L’interprétation de Jean Guillou est donc, avant tout, recolorisation d’une base en noir et blanc. Plutôt que d’opter pour une vision en flux continu, l’interprète malaxe le son, de sa texture à sa réception, id est du jeu choisi à l’élocution utilisée pour telle ou telle variation – ainsi du staccato entamé à 5’30. En dépit de (ou à cause de) l’aisance technique d’un organiste rompu à cette partition, cette spécificité kaléidoscopique agacera les tenants d’une partition unitaire. D’autres, encouragés par les facilités techniques du musicien dans les passages les plus virtuoses, jugeront revigorante cette vision hachée, dès lors qu’elle permet de profiter pleinement de la richesse d’un instrument et d’une vision de la partition.

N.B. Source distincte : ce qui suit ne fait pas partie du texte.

(* Away from characteristic points of a regular surface $\Sigma\subset\mathbb{M}$, the mean curvature $\mathcal H_{\nabla^{1,\alpha},L}:=\mathrm{tr}\,II^{\nabla^{1,\alpha},L}$ satisfies $$\mathcal H_{\nabla^{1,\alpha},\infty}:=\lim_{L\to+\infty}\mathcal H_{\nabla^{1,\alpha},L}=X_1(\bar p)+X_2(\bar q)-(1-\alpha)\bar p.$$
   Context: The affine group $\mathbb{M}$ is modeled on $\{(x_1,x_2,x_3)\in\mathbb{R}^3: x_1>0\}$ with product $(m,n,s)\star(\lambda,\mu,\nu)=(m\lambda,m\mu+n,\nu+s)$. Put $X_1=x_1\partial_{x_1}$, $X_2=x_1\partial_{x_2}+\partial_{x_3}$, $X_3=x_1\partial_{x_2}$, with dual coframe $\omega_1=\frac1{x_1}dx_1$, $\omega_2=dx_3$, $\omega=\frac1{x_1}dx_2-dx_3$. For a constant $L>0$, $g_L=\omega_1\otimes\omega_1+\omega_2\otimes\omega_2+L\,\omega\otimes\omega$, so $X_1,X_2,\widetilde X_3:=L^{-1/2}X_3$ is $g_L$-orthonormal; $\langle\cdot,\cdot\rangle_L$ denotes $g_L$, and $\nabla$ is the Levi-Civita connection of $g_L$. Let $H_1=\mathrm{span}\{X_1,X_2\}$, and let $P^1$, $P^{1,\perp}$ be the $g_L$-orthogonal projections onto $H_1$ and onto $H_1^\perp=\mathrm{span}\{X_3\}$. For a real constant $\alpha$, the first kind of deformed Schouten–Van Kampen connection is $\nabla^{1,\alpha}_XY=(1-\alpha)\nabla_XY+\alpha P^1\nabla_X(P^1Y)+\alpha P^{1,\perp}\nabla_X(P^{1,\perp}Y)$. A regular surface is a Euclidean $C^2$-smooth compact oriented surface $\Sigma=\{u=0\}$ with $u$ Euclidean $C^2$ and with nonvanishing Euclidean gradient. $\nabla_Hu=X_1(u)X_1+X_2(u)X_2$; a point of $\Sigma$ is characteristic if $\nabla_Hu=0$. Put $p=X_1u$, $q=X_2u$, $r=\widetilde X_3u$, $l=\sqrt{p^2+q^2}$, $l_L=\sqrt{p^2+q^2+r^2}$, $\bar p=p/l$, $\bar q=q/l$, $\bar p_L=p/l_L$, $\bar q_L=q/l_L$, $\bar r_L=r/l_L$; $v_L=\bar p_LX_1+\bar q_LX_2+\bar r_L\widetilde X_3$, $e_1=\bar qX_1-\bar pX_2$, $e_2=\bar r_L\bar pX_1+\bar r_L\bar qX_2-\frac{l}{l_L}\widetilde X_3$. The second fundamental form is $II^{\nabla^{1,\alpha},L}=(\langle\nabla^{1,\alpha}_{e_i}v_L,e_j\rangle_L)_{i,j=1,2}$. *)

theory Defs
  imports "HOL-Analysis.Analysis"
begin

text \<open>The affine group M modelled on {x in R^3. x1 > 0}; points are real^3,
 vector fields are maps real^3 => real^3 (Euclidean components w.r.t. d/dx1,d/dx2,d/dx3).\<close>

definition Mset :: "(real^3) set" where
  "Mset = {x. x$1 > 0}"

definition X1 :: "real^3 \<Rightarrow> real^3" where
  "X1 x = vector [x$1, 0, 0]"

definition X2 :: "real^3 \<Rightarrow> real^3" where
  "X2 x = vector [0, x$1, 1]"

definition X3 :: "real^3 \<Rightarrow> real^3" where
  "X3 x = vector [0, x$1, 0]"

definition X3t :: "real \<Rightarrow> real^3 \<Rightarrow> real^3" where
  "X3t L x = (1 / sqrt L) *\<^sub>R X3 x"

definition vf :: "(real^3 \<Rightarrow> real^3) \<Rightarrow> (real^3 \<Rightarrow> 'b::real_normed_vector) \<Rightarrow> real^3 \<Rightarrow> 'b" where
  "vf X f x = frechet_derivative f (at x) (X x)"

definition lie :: "(real^3 \<Rightarrow> real^3) \<Rightarrow> (real^3 \<Rightarrow> real^3) \<Rightarrow> real^3 \<Rightarrow> real^3" where
  "lie X Y x = vf X Y x - vf Y X x"

definition gL :: "real \<Rightarrow> real^3 \<Rightarrow> real^3 \<Rightarrow> real^3 \<Rightarrow> real" where
  "gL L x v w = (v$1 / x$1) * (w$1 / x$1) + (v$3) * (w$3)
      + L * ((v$2 / x$1 - v$3) * (w$2 / x$1 - w$3))"

text \<open>The g_L-orthonormal frame X1, X2, X3~.\<close>
definition frame :: "real \<Rightarrow> nat \<Rightarrow> real^3 \<Rightarrow> real^3" where
  "frame L i = (if i = 1 then X1 else if i = 2 then X2 else X3t L)"

text \<open>Christoffel symbols <nabla_{E_i} E_j, E_k> of the Levi-Civita connection in the
 orthonormal frame, from the Koszul formula.\<close>
definition Gamma :: "real \<Rightarrow> nat \<Rightarrow> nat \<Rightarrow> nat \<Rightarrow> real^3 \<Rightarrow> real" where
  "Gamma L i j k x = (1/2) *
     (gL L x (lie (frame L i) (frame L j) x) (frame L k x)
      - gL L x (lie (frame L i) (frame L k) x) (frame L j x)
      - gL L x (lie (frame L j) (frame L k) x) (frame L i x))"

definition LC :: "real \<Rightarrow> (real^3 \<Rightarrow> real^3) \<Rightarrow> (real^3 \<Rightarrow> real^3) \<Rightarrow> real^3 \<Rightarrow> real^3" where
  "LC L X Y x = (\<Sum>k\<in>{1,2,3::nat}.
      (vf X (\<lambda>y. gL L y (Y y) (frame L k y)) x
       + (\<Sum>i\<in>{1,2,3::nat}. \<Sum>j\<in>{1,2,3::nat}.
            gL L x (X x) (frame L i x) * gL L x (Y x) (frame L j x) * Gamma L i j k x))
      *\<^sub>R frame L k x)"

definition P1 :: "real \<Rightarrow> real^3 \<Rightarrow> real^3 \<Rightarrow> real^3" where
  "P1 L x v = gL L x v (X1 x) *\<^sub>R X1 x + gL L x v (X2 x) *\<^sub>R X2 x"

definition Pperp :: "real \<Rightarrow> real^3 \<Rightarrow> real^3 \<Rightarrow> real^3" where
  "Pperp L x v = gL L x v (X3t L x) *\<^sub>R X3t L x"

definition nabla1 :: "real \<Rightarrow> real \<Rightarrow> (real^3 \<Rightarrow> real^3) \<Rightarrow> (real^3 \<Rightarrow> real^3) \<Rightarrow> real^3 \<Rightarrow> real^3" where
  "nabla1 L \<alpha> X Y x = (1 - \<alpha>) *\<^sub>R LC L X Y x
      + \<alpha> *\<^sub>R P1 L x (LC L X (\<lambda>y. P1 L y (Y y)) x)
      + \<alpha> *\<^sub>R Pperp L x (LC L X (\<lambda>y. Pperp L y (Y y)) x)"

definition C1_on :: "(real^3) set \<Rightarrow> (real^3 \<Rightarrow> real) \<Rightarrow> bool" where
  "C1_on S f \<longleftrightarrow> (\<forall>x\<in>S. f differentiable (at x))
      \<and> (\<forall>v. continuous_on S (\<lambda>x. frechet_derivative f (at x) v))"

definition C2_on :: "(real^3) set \<Rightarrow> (real^3 \<Rightarrow> real) \<Rightarrow> bool" where
  "C2_on S f \<longleftrightarrow> C1_on S f \<and> (\<forall>v. C1_on S (\<lambda>x. frechet_derivative f (at x) v))"

definition surf :: "(real^3 \<Rightarrow> real) \<Rightarrow> (real^3) set" where
  "surf u = {x \<in> Mset. u x = 0}"

definition nablaH :: "(real^3 \<Rightarrow> real) \<Rightarrow> real^3 \<Rightarrow> real^3" where
  "nablaH u x = vf X1 u x *\<^sub>R X1 x + vf X2 u x *\<^sub>R X2 x"

definition pf :: "(real^3 \<Rightarrow> real) \<Rightarrow> real^3 \<Rightarrow> real" where "pf u x = vf X1 u x"
definition qf :: "(real^3 \<Rightarrow> real) \<Rightarrow> real^3 \<Rightarrow> real" where "qf u x = vf X2 u x"
definition rf :: "real \<Rightarrow> (real^3 \<Rightarrow> real) \<Rightarrow> real^3 \<Rightarrow> real" where "rf L u x = vf (X3t L) u x"
definition lf :: "(real^3 \<Rightarrow> real) \<Rightarrow> real^3 \<Rightarrow> real" where
  "lf u x = sqrt ((pf u x)^2 + (qf u x)^2)"
definition lLf :: "real \<Rightarrow> (real^3 \<Rightarrow> real) \<Rightarrow> real^3 \<Rightarrow> real" where
  "lLf L u x = sqrt ((pf u x)^2 + (qf u x)^2 + (rf L u x)^2)"
definition pbar :: "(real^3 \<Rightarrow> real) \<Rightarrow> real^3 \<Rightarrow> real" where "pbar u x = pf u x / lf u x"
definition qbar :: "(real^3 \<Rightarrow> real) \<Rightarrow> real^3 \<Rightarrow> real" where "qbar u x = qf u x / lf u x"
definition pbarL :: "real \<Rightarrow> (real^3 \<Rightarrow> real) \<Rightarrow> real^3 \<Rightarrow> real" where "pbarL L u x = pf u x / lLf L u x"
definition qbarL :: "real \<Rightarrow> (real^3 \<Rightarrow> real) \<Rightarrow> real^3 \<Rightarrow> real" where "qbarL L u x = qf u x / lLf L u x"
definition rbarL :: "real \<Rightarrow> (real^3 \<Rightarrow> real) \<Rightarrow> real^3 \<Rightarrow> real" where "rbarL L u x = rf L u x / lLf L u x"

definition vL :: "real \<Rightarrow> (real^3 \<Rightarrow> real) \<Rightarrow> real^3 \<Rightarrow> real^3" where
  "vL L u x = pbarL L u x *\<^sub>R X1 x + qbarL L u x *\<^sub>R X2 x + rbarL L u x *\<^sub>R X3t L x"

definition e1 :: "(real^3 \<Rightarrow> real) \<Rightarrow> real^3 \<Rightarrow> real^3" where
  "e1 u x = qbar u x *\<^sub>R X1 x - pbar u x *\<^sub>R X2 x"

definition e2 :: "real \<Rightarrow> (real^3 \<Rightarrow> real) \<Rightarrow> real^3 \<Rightarrow> real^3" where
  "e2 L u x = (rbarL L u x * pbar u x) *\<^sub>R X1 x + (rbarL L u x * qbar u x) *\<^sub>R X2 x
      - (lf u x / lLf L u x) *\<^sub>R X3t L x"

definition eframe :: "real \<Rightarrow> (real^3 \<Rightarrow> real) \<Rightarrow> nat \<Rightarrow> real^3 \<Rightarrow> real^3" where
  "eframe L u i = (if i = 1 then e1 u else e2 L u)"

definition IIf :: "real \<Rightarrow> real \<Rightarrow> (real^3 \<Rightarrow> real) \<Rightarrow> nat \<Rightarrow> nat \<Rightarrow> real^3 \<Rightarrow> real" where
  "IIf L \<alpha> u i j x = gL L x (nabla1 L \<alpha> (eframe L u i) (vL L u) x) (eframe L u j x)"

definition meanH :: "real \<Rightarrow> real \<Rightarrow> (real^3 \<Rightarrow> real) \<Rightarrow> real^3 \<Rightarrow> real" where
  "meanH L \<alpha> u x = IIf L \<alpha> u 1 1 x + IIf L \<alpha> u 2 2 x"

end

theory Submission
  imports Defs "HOL-Real_Asymp.Real_Asymp"
begin

(* In the g_L-orthonormal frame (X1, X2, X3~) the unit normal is v_L = (p, q, r_L) / l_L with
   r_L = (X3 u) / sqrt L, so v_L, e1, e2 and their derivatives are algebraic functions of
   t = 1 / sqrt L and of the first and second derivatives of u at the point.  The Christoffel
   symbols of g_L contain sqrt L, but in <nabla_e v_L, e> those terms carry the factor
   e^3 (e^1 v^2 - e^2 v^1), which vanishes for e1 (it is horizontal) and for e2 (its horizontal
   part is parallel to that of v_L).  Hence the mean curvature is a function of t that is
   continuous at t = 0 as long as p^2 + q^2 > 0; at t = 0 the frame degenerates to e2 = -X3~,
   which contributes nothing, and what remains is X1(pbar) + X2(qbar) - (1 - alpha) pbar. *)

section \<open>The frame X1, X2, X3 and the metric g_L\<close>

lemma X_fields_axis:
  "X1 = (\<lambda>x. (x$1) *\<^sub>R axis 1 1)"
  "X2 = (\<lambda>x. (x$1) *\<^sub>R axis 2 1 + axis 3 1)"
  "X3 = (\<lambda>x. (x$1) *\<^sub>R axis 2 1)"
  by (auto simp: X1_def X2_def X3_def vec_eq_iff forall_3 axis_def)

lemma has_derivative_first_coordinate: "((\<lambda>x::real^3. x$1) has_derivative (\<lambda>h. h$1)) (at x)"
  by (rule bounded_linear_imp_has_derivative) (rule bounded_linear_vec_nth)

lemma has_derivative_X_fields:
  "(X1 has_derivative (\<lambda>h. (h$1) *\<^sub>R axis 1 1)) (at x)"
  "(X2 has_derivative (\<lambda>h. (h$1) *\<^sub>R axis 2 1)) (at x)"
  "(X3 has_derivative (\<lambda>h. (h$1) *\<^sub>R axis 2 1)) (at x)"
  unfolding X_fields_axis by (auto intro!: derivative_eq_intros has_derivative_first_coordinate)

lemma has_derivative_X3t:
  "(X3t L has_derivative (\<lambda>h. (1 / sqrt L) *\<^sub>R ((h$1) *\<^sub>R axis 2 1))) (at x)"
  unfolding X3t_def[abs_def] by (auto intro!: derivative_eq_intros has_derivative_X_fields)

lemma lie_X_fields:
  "lie X1 X2 x = X3 x" "lie X2 X1 x = - X3 x"
  "lie X1 (X3t L) x = X3t L x" "lie (X3t L) X1 x = - X3t L x"
  "lie X2 (X3t L) x = 0" "lie (X3t L) X2 x = 0"
  by (simp_all add: lie_def vf_def has_derivative_X_fields[THEN frechet_derivative_at, symmetric]
      has_derivative_X3t[THEN frechet_derivative_at, symmetric],
      simp_all add: X1_def X2_def X3_def X3t_def vec_eq_iff forall_3 axis_def)

lemma Mset_first_coordinate_pos: "x \<in> Mset \<Longrightarrow> x$1 > 0"
  by (simp add: Mset_def)

lemma open_Mset: "open Mset"
  unfolding Mset_def using open_halfspace_component_gt_cart[of 0 1] by simp

lemma frechet_derivative_eq_on_open:
  assumes "open S" "x \<in> S" "\<And>y. y \<in> S \<Longrightarrow> f y = g y"
  shows "frechet_derivative f (at x) = frechet_derivative g (at x)"
proof -
  have "(f has_derivative f') (at x) = (g has_derivative f') (at x)" for f'
    using has_derivative_transform_within_open[OF _ assms(1,2), of f _ UNIV g]
      has_derivative_transform_within_open[OF _ assms(1,2), of g _ UNIV f] assms(3) by metis
  then show ?thesis unfolding frechet_derivative_def by simp
qed

lemma vf_eq_on_open:
  assumes "open S" "x \<in> S" "\<And>y. y \<in> S \<Longrightarrow> f y = g y"
  shows "vf X f x = vf X g x"
  unfolding vf_def using frechet_derivative_eq_on_open[OF assms] by simp

lemma gL_X_fields:
  assumes "x$1 > 0" "L > 0"
  shows "gL L x (X3 x) (X1 x) = 0" "gL L x (X3 x) (X2 x) = 0" "gL L x (X3 x) (X3t L x) = sqrt L"
   "gL L x (X3t L x) (X1 x) = 0" "gL L x (X3t L x) (X2 x) = 0" "gL L x (X3t L x) (X3t L x) = 1"
   "gL L x (X1 x) (X1 x) = 1" "gL L x (X1 x) (X2 x) = 0" "gL L x (X1 x) (X3t L x) = 0"
   "gL L x (X2 x) (X1 x) = 0" "gL L x (X2 x) (X2 x) = 1" "gL L x (X2 x) (X3t L x) = 0"
  using assms by (simp_all add: gL_def X1_def X2_def X3_def X3t_def field_simps real_sqrt_divide)

lemma gL_linear:
  "gL L x (v + w) z = gL L x v z + gL L x w z"
  "gL L x (v - w) z = gL L x v z - gL L x w z"
  "gL L x (c *\<^sub>R v) z = c * gL L x v z"
  "gL L x 0 z = 0"
  "gL L x (- v) z = - gL L x v z"
  "gL L x z (v + w) = gL L x z v + gL L x z w"
  "gL L x z (v - w) = gL L x z v - gL L x z w"
  "gL L x z (c *\<^sub>R v) = c * gL L x z v"
  by (simp_all add: gL_def algebra_simps add_divide_distrib diff_divide_distrib)

lemma gL_frame_coordinates:
  assumes "x$1 > 0" "L > 0"
  shows "gL L x (a *\<^sub>R X1 x + b *\<^sub>R X2 x + c *\<^sub>R X3t L x) (X1 x) = a"
    "gL L x (a *\<^sub>R X1 x + b *\<^sub>R X2 x + c *\<^sub>R X3t L x) (X2 x) = b"
    "gL L x (a *\<^sub>R X1 x + b *\<^sub>R X2 x + c *\<^sub>R X3t L x) (X3t L x) = c"
  using assms by (simp_all add: gL_linear gL_X_fields)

Objectivement, la redoutable fin de la passacaille, le début de la fugue et les passages techniques où l’on attend tout interprète – tels les rebonds de la pédale quand la main gauche prend le thème – sont tenus avec une maestria et un dynamisme remarquables, surtout pour un live, s’il s’agit bien d’un concert unique sans patch. Bien sûr, si l’on scrute la partition, l’on repère que certains traits bénins sont escamotés (ainsi, celui qui entend le mi – ré – mi à la pédale et à 11’27 est un menteur) ; reste le reste, incroyable de dextérité pour un concert. En définitive, l’on subodore une volonté de pimper la passacaille et le souci de claquer la fugue comme un tout, l’ensemble formant deux mouvements contrastés et complémentaires (en “confrontation”, donc), ce qui fait presque passer sous le tapis la performance technique au profit d’une conception des œuvres qui stimule l’écoute et transforme le musicien en véritable interprète plus qu’en exécutant roué. Même si la restitution seventies des tutti et le goût pour les changements systématiques de combinaisons ne convainquent pas toujours, la dextérité et la singularité du musicien, notamment à l’orgue, ne manquent ni d’intérêt, ni de piquant, ni de brio.
Vivement les Liszt, qui seront l’objet d’une prochaine chronique.